Saturday, July 13, 2013

"$21 a Day (Once a Month)" - A Walter Lantz Cartoon (1941)

Just after the first peace time draft got under way, shortly before we were drawn into the Second World War, there was a plethora of movies and music which swept the land, all of which chronicled the adventures/misadventures of the new recruits. Abbott and Costello immediately come to mind with their series of movies, “In the Army” and “In the Navy.” Like all good entertainment of the time, these films featured lots of swing music and dancing. So it goes with this cartoon from 1941, produced by Walter Lantz.

With his usual deft hand, Mr. Lantz created a wonderful record of how America viewed the idea of a draft, as well as the coming war in the months before Pearl Harbor. Poking fun at the regimentation required of Army life, the cartoon lampoons the highly regimented life of the average draftee as he is pushed, prodded and prepped for battle with the enemy. The beauty of it all is that he did it using animated toys rather than real draftees. It kind of underscores the feeling unreality which usually precedes the coming of miltary conflict. The part which makes it look like fun.

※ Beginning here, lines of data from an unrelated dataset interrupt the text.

lemma taylor_poly_has_derivative:
  assumes "j \<le> n" shows "(taylor_poly w n f j has_real_derivative taylor_poly w n f (Suc j) x) (at x)"
proof -
  define M where "M = n - j"
  have e1: "Suc n - j = Suc M" "Suc n - Suc j = M" using assms unfolding M_def by auto
  define c where "c = (\<lambda>i. hderiv w f i 0)"
  have P1: "taylor_poly w n f j = (\<lambda>x. c j + (\<Sum>i<M. c (j + Suc i) * x^(Suc i) / fact (Suc i)))"
    unfolding taylor_poly_def e1 c_def by (rule ext) (simp add: sum.lessThan_Suc_shift del: sum.lessThan_Suc)
  have P2: "taylor_poly w n f (Suc j) x = (\<Sum>i<M. c (j + Suc i) * x^i / fact i)"
    unfolding taylor_poly_def e1 c_def by simp
  have t: "((\<lambda>x. c (j + Suc i) * x^(Suc i) / fact (Suc i)) has_real_derivative c (j + Suc i) * x^i / fact i) (at x)" for i
  proof -
    have "((\<lambda>x. c (j + Suc i) * x^(Suc i) / fact (Suc i)) has_real_derivative c (j + Suc i) * (real (Suc i) * x^i) / fact (Suc i)) (at x)"
      by (intro derivative_eq_intros) auto
    moreover have "c (j + Suc i) * (real (Suc i) * x^i) / fact (Suc i) = c (j + Suc i) * x^i / fact i"
      by (simp add: fact_Suc field_simps del: of_nat_Suc)
    ultimately show ?thesis by simp
  qed
  have "((\<lambda>x. c j + (\<Sum>i<M. c (j + Suc i) * x^(Suc i) / fact (Suc i))) has_real_derivative 0 + (\<Sum>i<M. c (j + Suc i) * x^i / fact i)) (at x)"
    by (intro DERIV_add DERIV_const DERIV_sum t)
  then show ?thesis unfolding P1 P2 by simp
qed

lemma continuous_on_taylor_poly: "continuous_on S (taylor_poly w n f j)"
  unfolding taylor_poly_def by (intro continuous_intros) auto
(* Let $1\le p\le\infty$. For all seed functions $f,f'\in\mathcal{L}^p(I)$ and every base function $b\in\mathcal{L}^p(I)$, $$\|(f*_Tb)-(f'*_Tb)\|_p\le\frac{1}{1-\Lambda}\|f-f'\|_p,$$ and for all base functions $b,b'\in\mathcal{L}^p(I)$ and every seed function $f\in\mathcal{L}^p(I)$, $$\|(f*_Tb)-(f*_Tb')\|_p\le\frac{\Lambda}{1-\Lambda}\|b-b'\|_p.$$ For $0<p<1$ the same inequalities hold with $\|g-h\|_p$ replaced by $d_p(g,h)=\int_I|g-h|^p\,dx$ and $\Lambda$ replaced by $\Lambda^p$.
   Context: Let $N\ge 2$, $I=[x_0,x_N]\subset\mathbb{R}$ and $\Delta: x_0<x_1<\dots<x_N$ a partition of $I$. For $n=1,\dots,N$ let $L_n(x)=a_nx+b_n$ be the affine map with $L_n(x_0)=x_{n-1}$, $L_n(x_N)=x_n$; set $I_1=[x_0,x_1]$, $I_n=(x_{n-1},x_n]$ for $n\ge 2$. Let $\alpha=(\alpha_1,\dots,\alpha_N)\in(\mathcal{L}^\infty(I))^N$ with $\Lambda:=\operatorname{ess\,sup}\{|\alpha_n(x)|:x\in I,\ n=1,\dots,N\}<1$. For $0<p\le\infty$ and $f,b\in\mathcal{L}^p(I)$, the fractal convolution $f*_Tb$ is the unique fixed point in $\mathcal{L}^p(I)$ of the contraction $Tg(x):=f(x)+\alpha_n(L_n^{-1}(x))\,(g-b)(L_n^{-1}(x))$, $x\in I_n$, $n=1,\dots,N$; i.e. $(f*_Tb)(x)=f(x)+\alpha_n(L_n^{-1}(x))((f*_Tb)-b)(L_n^{-1}(x))$ on $I_n$. The partition, the maps $L_n$ and $\alpha$ are fixed. *)

theory Defs
  imports "HOL-Analysis.Analysis"
begin

definition Imeas :: "(nat \<Rightarrow> real) \<Rightarrow> nat \<Rightarrow> real measure" where
  "Imeas x N = lebesgue_on {x 0 .. x N}"

definition Ipiece :: "(nat \<Rightarrow> real) \<Rightarrow> nat \<Rightarrow> real set" where
  "Ipiece x n = (if n = 1 then {x 0 .. x 1} else {x (n - 1) <.. x n})"

text \<open>L_n(t) = a_n t + b_n with L_n(x_0) = x_(n-1), L_n(x_N) = x_n.\<close>
definition Lmap :: "(nat \<Rightarrow> real) \<Rightarrow> nat \<Rightarrow> nat \<Rightarrow> real \<Rightarrow> real" where
  "Lmap x N n t = x (n - 1) + (x n - x (n - 1)) / (x N - x 0) * (t - x 0)"
lemma in_H_componentE:
  assumes "1 \<le> t" "in_H t V E"
  obtains C a b where "simple_graph V E" "is_component V E C"
    "\<And>B. is_block V E B \<Longrightarrow> B \<subseteq> C \<Longrightarrow> is_C5 E B" "a \<in> C" "b \<in> C" "a \<noteq> b"
proof -
  have graph: "simple_graph V E" and "\<exists>C. is_component V E C \<and>
      card {B. is_block V E B \<and> B \<subseteq> C} = t \<and> (\<forall>B. is_block V E B \<and> B \<subseteq> C \<longrightarrow> is_C5 E B)"
    using assms(2) unfolding in_H_def by simp_all
  then obtain C where comp: "is_component V E C"
    and t: "card {B. is_block V E B \<and> B \<subseteq> C} = t"
    and C5: "\<And>B. is_block V E B \<Longrightarrow> B \<subseteq> C \<Longrightarrow> is_C5 E B"
    by blast
  have "{B. is_block V E B \<and> B \<subseteq> C} \<noteq> {}"
  proof
    assume none: "{B. is_block V E B \<and> B \<subseteq> C} = {}"
    have "t = 0" using t unfolding none by simp
    then show False using assms(1) by simp
  qed
  then obtain B0 where B0: "is_block V E B0" "B0 \<subseteq> C" by blast
  have "card B0 = 5" using C5_card[OF C5[OF B0]] .
  then have "finite B0" by (intro card_ge_0_finite) simp
  then have "\<not> (\<forall>x\<in>B0. \<forall>y\<in>B0. x = y)"
    using \<open>card B0 = 5\<close> by (simp flip: card_le_Suc0_iff_eq)
  then obtain a b where "a \<in> C" "b \<in> C" "a \<noteq> b" using B0(2) by blast
  then show ?thesis using that[OF graph comp C5] by blast
qed

lemma in_H_no_odd_4_coloring:
  assumes "1 \<le> t" "in_H t V E"
  shows "\<not> odd_coloring V E 4 f"
proof
  assume odd: "odd_coloring V E 4 f"
  obtain C a b where graph: "simple_graph V E" and comp: "is_component V E C"
    and C5: "\<And>B. is_block V E B \<Longrightarrow> B \<subseteq> C \<Longrightarrow> is_C5 E B" and ab: "a \<in> C" "b \<in> C" "a \<noteq> b"
    using in_H_componentE[OF assms] by blast
  have finV: "finite V" using graph unfolding simple_graph_def by simp
  have CV: "C \<subseteq> V" using comp unfolding is_component_def by simp
  have proper: "\<forall>u\<in>V. \<forall>u'\<in>V. E u u' \<longrightarrow> f u \<noteq> f u'" and colours: "card (f ` V) \<le> 4"
    using odd unfolding odd_coloring_def proper_coloring_def by simp_all
  show False
  proof (rule no_alternating_block_witnesses[where P = "\<lambda>B. monochromatic_nbhd E f B"])
    show "finite C" using CV finV by (rule finite_subset)
    show "a \<in> C" by (rule ab(1))
    show "\<exists>B. is_block V E B \<and> v \<in> B \<and> B \<subseteq> C \<and> \<not> monochromatic_nbhd E f B v"
      if "v \<in> C" for v
    proof -
      obtain w where "w \<in> C" "w \<noteq> v" using ab by blast
      then show ?thesis using odd_coloring_C5_block_non_monochromatic[OF odd graph comp C5 that] by blast
    qed
    show "\<exists>x\<in>B. monochromatic_nbhd E f B x" if "is_block V E B" "B \<subseteq> C" for B
    proof (rule C5_monochromatic_vertex[OF C5[OF that]])
      show "\<forall>u\<in>B. \<forall>u'\<in>B. E u u' \<longrightarrow> f u \<noteq> f u'" using proper that(2) CV by blast
      have "card (f ` B) \<le> card (f ` V)" using that(2) CV finV by (intro card_mono) auto
      then show "card (f ` B) \<le> 4" using colours by simp
    qed
  qed
qed

theorem mainTheorem4:
  fixes t :: nat and V :: "'a set" and E :: "'a \<Rightarrow> 'a \<Rightarrow> bool"
  assumes "t \<ge> 1" and "in_H t V E"
  shows "(\<nexists>f :: 'a \<Rightarrow> nat. odd_coloring V E 4 f) \<and> (\<nexists>f :: 'a \<Rightarrow> nat. pcf_coloring V E 4 f)"
  using in_H_no_odd_4_coloring[OF assms] pcf_coloring_imp_odd_coloring by blast

end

This was one of the last of the cartoons concerning the war which were designed to make us laugh at ourselves. In just a few short months after the release of this cartoon the attack on Pearl Harbor would affect everything about the American way of life; even the cartoons. They, too, were casualties of the war as they became tools of propaganda, designed to inflame passions and beat the enemy.

Art can be used for good, and it can be used for evil. And it’s not always the artist who creates the evil. Sometimes, art is merely a reflection of who we are at the time. In this cartoon, we were still innocents. Wouldn't it be nice if that it were still so?